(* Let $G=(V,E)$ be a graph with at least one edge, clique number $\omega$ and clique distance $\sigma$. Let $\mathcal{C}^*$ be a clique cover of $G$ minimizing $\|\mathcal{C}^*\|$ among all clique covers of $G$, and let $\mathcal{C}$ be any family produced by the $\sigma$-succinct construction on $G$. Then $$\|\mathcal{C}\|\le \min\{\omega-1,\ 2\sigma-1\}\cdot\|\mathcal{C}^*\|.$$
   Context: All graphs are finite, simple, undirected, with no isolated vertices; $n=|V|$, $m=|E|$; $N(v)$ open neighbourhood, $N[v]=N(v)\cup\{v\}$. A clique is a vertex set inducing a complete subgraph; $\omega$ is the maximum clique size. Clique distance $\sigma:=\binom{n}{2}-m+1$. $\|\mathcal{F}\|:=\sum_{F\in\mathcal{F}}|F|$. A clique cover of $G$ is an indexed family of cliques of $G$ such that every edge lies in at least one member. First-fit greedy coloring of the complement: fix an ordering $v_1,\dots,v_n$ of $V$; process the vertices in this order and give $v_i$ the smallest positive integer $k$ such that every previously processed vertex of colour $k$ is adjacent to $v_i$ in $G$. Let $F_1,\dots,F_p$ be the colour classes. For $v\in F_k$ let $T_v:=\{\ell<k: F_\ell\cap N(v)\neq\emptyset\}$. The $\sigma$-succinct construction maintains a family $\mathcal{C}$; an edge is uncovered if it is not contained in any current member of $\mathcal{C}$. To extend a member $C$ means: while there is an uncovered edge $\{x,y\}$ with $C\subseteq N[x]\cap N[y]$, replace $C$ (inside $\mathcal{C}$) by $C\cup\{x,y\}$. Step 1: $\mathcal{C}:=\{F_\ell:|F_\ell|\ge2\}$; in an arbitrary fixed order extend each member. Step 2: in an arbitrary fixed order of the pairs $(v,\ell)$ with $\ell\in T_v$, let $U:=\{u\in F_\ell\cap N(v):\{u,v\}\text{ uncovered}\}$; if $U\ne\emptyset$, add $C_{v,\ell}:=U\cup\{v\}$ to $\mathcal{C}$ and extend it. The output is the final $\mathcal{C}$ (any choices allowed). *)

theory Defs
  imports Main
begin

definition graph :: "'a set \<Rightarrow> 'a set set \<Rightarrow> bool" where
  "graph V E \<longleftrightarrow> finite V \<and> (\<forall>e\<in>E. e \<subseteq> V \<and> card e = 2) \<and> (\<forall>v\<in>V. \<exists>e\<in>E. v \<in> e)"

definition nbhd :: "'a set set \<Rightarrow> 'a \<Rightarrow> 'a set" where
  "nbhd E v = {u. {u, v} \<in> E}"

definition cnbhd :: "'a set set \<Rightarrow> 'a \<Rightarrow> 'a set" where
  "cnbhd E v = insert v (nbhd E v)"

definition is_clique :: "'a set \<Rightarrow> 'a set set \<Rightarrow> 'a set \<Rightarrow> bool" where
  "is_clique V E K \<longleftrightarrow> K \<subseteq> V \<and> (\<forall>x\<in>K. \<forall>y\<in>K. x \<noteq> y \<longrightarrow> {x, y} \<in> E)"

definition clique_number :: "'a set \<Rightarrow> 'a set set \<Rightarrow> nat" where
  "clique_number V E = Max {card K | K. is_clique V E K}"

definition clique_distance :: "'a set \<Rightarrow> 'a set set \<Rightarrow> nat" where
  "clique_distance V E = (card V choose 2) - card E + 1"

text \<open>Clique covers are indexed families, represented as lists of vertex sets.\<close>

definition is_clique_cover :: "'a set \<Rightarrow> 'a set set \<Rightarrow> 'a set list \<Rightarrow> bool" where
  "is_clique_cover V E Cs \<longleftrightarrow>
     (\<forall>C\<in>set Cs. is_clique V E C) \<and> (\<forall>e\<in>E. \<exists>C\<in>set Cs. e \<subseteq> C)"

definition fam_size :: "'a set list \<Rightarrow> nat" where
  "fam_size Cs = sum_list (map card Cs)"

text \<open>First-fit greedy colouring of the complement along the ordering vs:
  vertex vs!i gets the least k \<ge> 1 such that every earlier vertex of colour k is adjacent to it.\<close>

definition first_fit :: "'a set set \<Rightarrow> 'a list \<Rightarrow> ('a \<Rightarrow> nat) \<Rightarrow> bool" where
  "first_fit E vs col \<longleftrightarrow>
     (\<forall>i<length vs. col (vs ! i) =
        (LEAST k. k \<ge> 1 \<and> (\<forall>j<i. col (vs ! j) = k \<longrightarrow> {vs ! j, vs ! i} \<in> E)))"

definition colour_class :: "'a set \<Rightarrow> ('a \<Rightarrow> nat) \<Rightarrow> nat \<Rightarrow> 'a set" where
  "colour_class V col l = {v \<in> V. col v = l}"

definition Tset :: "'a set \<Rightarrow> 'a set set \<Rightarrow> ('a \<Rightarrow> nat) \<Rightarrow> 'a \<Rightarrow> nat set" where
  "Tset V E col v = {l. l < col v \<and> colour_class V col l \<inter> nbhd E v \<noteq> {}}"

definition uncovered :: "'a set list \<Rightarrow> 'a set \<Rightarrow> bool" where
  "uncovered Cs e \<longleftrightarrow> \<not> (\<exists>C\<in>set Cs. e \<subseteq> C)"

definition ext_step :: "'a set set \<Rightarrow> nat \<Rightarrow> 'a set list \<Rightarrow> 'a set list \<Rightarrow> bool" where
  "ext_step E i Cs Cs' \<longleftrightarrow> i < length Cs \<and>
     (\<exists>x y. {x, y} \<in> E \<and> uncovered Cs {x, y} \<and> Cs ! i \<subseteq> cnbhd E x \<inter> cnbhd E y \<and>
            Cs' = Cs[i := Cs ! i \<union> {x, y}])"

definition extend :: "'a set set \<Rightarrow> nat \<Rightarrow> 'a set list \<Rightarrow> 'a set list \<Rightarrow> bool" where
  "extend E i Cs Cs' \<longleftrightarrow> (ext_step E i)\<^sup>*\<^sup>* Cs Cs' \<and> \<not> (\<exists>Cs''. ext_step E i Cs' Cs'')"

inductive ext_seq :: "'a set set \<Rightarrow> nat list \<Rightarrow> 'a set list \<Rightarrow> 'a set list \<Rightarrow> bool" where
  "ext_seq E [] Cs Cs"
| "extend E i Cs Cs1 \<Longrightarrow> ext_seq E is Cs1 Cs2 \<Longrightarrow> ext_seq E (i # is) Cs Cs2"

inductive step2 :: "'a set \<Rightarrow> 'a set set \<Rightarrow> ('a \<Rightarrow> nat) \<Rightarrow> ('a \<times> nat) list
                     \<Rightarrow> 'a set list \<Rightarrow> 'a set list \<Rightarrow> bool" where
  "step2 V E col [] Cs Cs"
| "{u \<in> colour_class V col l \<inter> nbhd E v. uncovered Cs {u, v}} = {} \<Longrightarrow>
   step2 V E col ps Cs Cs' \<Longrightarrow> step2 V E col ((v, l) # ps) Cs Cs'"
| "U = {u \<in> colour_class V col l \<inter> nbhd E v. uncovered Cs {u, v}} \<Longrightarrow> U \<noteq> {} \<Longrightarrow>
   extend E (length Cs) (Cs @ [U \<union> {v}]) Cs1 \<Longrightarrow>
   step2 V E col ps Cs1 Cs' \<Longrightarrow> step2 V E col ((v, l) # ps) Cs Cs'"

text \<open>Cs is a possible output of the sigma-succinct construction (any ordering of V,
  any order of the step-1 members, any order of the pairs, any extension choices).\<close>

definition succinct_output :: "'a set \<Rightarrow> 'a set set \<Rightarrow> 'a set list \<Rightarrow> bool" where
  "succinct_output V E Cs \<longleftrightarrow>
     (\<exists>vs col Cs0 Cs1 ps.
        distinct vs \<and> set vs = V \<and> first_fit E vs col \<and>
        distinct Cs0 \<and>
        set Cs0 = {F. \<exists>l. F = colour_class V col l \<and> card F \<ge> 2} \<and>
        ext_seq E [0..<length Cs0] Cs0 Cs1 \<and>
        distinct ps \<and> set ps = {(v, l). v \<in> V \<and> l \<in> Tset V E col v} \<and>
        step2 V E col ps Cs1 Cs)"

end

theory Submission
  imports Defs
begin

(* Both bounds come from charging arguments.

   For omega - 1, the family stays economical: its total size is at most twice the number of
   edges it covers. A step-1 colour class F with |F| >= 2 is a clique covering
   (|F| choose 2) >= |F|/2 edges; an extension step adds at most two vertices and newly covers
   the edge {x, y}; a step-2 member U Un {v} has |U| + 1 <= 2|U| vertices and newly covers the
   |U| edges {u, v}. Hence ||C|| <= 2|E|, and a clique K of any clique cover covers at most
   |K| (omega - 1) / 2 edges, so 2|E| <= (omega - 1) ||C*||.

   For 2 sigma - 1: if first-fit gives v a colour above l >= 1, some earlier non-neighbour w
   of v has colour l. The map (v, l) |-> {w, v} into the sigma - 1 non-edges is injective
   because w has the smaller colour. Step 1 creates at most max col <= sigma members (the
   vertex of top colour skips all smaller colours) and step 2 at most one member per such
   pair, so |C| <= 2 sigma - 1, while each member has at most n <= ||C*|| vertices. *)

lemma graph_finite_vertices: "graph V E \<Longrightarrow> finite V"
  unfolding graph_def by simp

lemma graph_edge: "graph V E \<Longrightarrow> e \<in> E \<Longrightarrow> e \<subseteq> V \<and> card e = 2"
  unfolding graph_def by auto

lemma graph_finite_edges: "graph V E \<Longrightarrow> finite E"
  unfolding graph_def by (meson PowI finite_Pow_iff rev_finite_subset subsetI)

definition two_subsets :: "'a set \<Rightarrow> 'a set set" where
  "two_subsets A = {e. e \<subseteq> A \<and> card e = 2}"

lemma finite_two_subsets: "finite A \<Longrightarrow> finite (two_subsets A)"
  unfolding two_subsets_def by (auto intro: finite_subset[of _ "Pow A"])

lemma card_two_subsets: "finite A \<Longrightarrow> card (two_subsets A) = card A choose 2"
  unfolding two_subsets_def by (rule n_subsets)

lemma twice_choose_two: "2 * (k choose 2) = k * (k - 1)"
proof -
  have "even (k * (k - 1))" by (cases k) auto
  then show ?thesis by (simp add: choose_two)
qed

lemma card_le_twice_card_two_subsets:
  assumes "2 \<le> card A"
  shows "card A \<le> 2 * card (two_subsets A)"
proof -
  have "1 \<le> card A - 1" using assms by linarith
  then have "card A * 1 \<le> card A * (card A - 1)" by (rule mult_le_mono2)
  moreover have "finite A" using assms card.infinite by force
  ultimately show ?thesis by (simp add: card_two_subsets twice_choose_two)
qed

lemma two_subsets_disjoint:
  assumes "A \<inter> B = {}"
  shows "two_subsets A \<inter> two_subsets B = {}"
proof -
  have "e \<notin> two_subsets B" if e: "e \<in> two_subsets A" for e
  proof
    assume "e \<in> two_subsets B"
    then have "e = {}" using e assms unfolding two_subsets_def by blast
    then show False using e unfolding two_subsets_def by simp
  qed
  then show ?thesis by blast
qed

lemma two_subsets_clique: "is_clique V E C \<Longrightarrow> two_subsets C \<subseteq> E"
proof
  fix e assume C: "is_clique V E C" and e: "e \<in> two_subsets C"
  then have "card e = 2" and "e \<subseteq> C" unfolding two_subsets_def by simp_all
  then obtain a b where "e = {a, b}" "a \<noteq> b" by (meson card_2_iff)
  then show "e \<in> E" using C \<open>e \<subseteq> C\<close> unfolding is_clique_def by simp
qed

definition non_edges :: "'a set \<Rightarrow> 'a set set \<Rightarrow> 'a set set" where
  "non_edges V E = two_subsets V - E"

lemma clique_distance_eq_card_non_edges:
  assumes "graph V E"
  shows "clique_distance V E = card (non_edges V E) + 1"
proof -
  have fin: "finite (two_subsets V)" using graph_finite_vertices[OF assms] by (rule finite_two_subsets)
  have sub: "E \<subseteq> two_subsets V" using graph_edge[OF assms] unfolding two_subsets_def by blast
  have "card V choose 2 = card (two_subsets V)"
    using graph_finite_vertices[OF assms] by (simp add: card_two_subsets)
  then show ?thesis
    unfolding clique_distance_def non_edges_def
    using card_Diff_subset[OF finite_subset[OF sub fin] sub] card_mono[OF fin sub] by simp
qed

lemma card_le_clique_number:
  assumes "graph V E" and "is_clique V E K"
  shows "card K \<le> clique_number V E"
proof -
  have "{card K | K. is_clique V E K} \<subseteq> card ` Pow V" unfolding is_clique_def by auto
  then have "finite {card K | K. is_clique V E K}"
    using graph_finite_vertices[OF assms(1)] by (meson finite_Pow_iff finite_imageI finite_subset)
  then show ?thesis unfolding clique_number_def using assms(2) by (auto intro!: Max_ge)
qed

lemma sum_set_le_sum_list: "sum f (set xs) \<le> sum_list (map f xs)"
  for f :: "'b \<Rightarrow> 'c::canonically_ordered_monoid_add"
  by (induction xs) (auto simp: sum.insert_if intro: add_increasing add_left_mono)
• • • • • • •
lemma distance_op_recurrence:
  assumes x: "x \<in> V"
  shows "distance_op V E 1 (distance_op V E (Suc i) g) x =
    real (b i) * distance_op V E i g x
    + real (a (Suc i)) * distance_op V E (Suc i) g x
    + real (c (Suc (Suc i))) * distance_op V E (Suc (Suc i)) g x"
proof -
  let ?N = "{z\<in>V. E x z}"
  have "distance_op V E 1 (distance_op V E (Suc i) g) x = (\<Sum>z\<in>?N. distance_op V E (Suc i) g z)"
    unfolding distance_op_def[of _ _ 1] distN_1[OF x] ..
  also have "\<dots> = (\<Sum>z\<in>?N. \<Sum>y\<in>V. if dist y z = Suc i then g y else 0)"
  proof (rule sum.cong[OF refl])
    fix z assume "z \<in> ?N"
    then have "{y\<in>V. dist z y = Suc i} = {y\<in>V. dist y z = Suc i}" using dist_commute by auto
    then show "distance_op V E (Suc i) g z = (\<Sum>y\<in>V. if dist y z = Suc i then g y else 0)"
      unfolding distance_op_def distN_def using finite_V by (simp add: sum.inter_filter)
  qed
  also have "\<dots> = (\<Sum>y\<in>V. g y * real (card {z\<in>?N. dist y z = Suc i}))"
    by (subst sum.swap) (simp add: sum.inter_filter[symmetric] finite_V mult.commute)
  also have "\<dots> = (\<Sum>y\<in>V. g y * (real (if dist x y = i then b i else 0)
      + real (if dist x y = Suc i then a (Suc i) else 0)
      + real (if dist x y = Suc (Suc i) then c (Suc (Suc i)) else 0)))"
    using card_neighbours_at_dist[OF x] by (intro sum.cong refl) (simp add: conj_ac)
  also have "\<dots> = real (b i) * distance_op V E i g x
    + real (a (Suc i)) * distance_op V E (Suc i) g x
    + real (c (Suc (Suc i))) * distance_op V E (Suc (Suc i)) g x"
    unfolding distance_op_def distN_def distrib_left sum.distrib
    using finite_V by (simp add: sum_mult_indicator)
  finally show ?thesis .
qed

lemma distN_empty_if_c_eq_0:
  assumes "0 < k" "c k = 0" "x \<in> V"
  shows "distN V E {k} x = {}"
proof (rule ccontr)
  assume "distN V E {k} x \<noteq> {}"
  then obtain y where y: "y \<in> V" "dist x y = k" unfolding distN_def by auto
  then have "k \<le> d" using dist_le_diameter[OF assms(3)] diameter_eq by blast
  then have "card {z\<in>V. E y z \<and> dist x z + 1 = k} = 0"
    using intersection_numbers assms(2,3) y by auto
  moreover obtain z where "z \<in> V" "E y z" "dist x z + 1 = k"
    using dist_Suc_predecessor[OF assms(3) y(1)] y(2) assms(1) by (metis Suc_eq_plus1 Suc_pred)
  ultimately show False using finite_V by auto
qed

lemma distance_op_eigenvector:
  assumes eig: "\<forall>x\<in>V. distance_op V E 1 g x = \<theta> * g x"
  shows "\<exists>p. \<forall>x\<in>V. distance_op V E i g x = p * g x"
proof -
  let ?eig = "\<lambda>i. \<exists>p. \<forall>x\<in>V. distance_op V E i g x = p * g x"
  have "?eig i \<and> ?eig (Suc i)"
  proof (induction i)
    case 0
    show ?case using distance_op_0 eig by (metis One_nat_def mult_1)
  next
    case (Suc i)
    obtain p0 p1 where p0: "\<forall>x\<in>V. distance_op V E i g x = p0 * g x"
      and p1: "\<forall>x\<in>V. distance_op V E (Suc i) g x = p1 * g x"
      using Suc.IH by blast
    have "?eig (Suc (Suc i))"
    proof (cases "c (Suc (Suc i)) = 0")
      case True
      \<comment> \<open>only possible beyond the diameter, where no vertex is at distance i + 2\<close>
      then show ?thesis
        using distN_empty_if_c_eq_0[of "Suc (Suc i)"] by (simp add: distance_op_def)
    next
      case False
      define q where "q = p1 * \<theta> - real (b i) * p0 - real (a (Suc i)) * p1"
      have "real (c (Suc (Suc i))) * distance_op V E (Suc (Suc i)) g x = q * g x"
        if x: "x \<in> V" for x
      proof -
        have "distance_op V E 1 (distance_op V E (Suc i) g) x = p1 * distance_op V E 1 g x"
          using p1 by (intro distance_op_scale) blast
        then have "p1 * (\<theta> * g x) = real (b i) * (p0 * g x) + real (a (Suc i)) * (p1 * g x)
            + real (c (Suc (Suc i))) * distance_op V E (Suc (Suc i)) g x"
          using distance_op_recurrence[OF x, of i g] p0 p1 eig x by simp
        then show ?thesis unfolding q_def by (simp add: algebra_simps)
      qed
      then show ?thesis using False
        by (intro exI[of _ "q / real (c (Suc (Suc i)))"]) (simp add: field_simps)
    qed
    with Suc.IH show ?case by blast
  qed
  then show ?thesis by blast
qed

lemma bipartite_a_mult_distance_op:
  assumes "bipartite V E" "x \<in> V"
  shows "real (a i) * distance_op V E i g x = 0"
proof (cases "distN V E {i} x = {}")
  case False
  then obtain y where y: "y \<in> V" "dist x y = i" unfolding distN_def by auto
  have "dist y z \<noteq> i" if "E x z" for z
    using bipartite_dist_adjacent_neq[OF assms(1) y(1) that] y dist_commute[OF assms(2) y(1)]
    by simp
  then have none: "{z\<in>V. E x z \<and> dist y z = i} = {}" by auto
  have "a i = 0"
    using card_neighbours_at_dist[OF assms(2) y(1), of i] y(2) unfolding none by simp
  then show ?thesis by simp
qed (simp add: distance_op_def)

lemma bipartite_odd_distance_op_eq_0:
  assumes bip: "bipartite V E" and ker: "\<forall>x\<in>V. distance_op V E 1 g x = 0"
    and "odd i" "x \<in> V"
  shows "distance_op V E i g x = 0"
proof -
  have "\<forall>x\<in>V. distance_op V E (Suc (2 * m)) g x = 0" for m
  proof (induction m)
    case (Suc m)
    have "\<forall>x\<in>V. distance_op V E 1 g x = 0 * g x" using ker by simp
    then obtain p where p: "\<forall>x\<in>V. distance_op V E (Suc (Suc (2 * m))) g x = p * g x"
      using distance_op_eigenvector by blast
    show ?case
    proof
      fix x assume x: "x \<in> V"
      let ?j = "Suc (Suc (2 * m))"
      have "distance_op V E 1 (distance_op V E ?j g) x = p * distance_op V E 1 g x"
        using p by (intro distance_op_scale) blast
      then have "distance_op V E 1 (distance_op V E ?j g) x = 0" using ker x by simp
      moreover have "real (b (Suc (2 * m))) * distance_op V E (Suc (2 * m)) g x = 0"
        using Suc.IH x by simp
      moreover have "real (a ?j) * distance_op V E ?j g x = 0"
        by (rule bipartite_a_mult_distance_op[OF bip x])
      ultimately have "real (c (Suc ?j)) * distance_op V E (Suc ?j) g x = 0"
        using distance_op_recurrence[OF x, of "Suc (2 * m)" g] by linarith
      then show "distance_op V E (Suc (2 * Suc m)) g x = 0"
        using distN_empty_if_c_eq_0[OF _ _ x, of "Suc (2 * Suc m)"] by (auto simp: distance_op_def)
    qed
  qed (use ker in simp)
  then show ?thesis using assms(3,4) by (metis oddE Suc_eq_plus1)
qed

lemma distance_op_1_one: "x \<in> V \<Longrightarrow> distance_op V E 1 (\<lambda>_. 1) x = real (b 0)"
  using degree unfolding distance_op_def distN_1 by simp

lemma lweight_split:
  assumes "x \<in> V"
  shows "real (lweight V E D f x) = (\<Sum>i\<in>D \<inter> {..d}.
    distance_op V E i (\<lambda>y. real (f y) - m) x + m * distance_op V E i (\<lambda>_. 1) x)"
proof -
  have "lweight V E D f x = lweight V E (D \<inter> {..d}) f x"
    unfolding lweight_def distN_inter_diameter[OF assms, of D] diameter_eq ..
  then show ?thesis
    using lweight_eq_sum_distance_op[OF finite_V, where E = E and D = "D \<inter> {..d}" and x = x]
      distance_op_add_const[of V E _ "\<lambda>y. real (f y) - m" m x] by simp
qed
• • • • • • •
> [Exercise directions] Where the word "meson" is present in a line of the listing, copy that line.

> [Reply to the exercise]
  unfolding graph_def by (meson PowI finite_Pow_iff rev_finite_subset subsetI)
  then obtain a b where "e = {a, b}" "a \<noteq> b" by (meson card_2_iff)
    using graph_finite_vertices[OF assms(1)] by (meson finite_Pow_iff finite_imageI finite_subset)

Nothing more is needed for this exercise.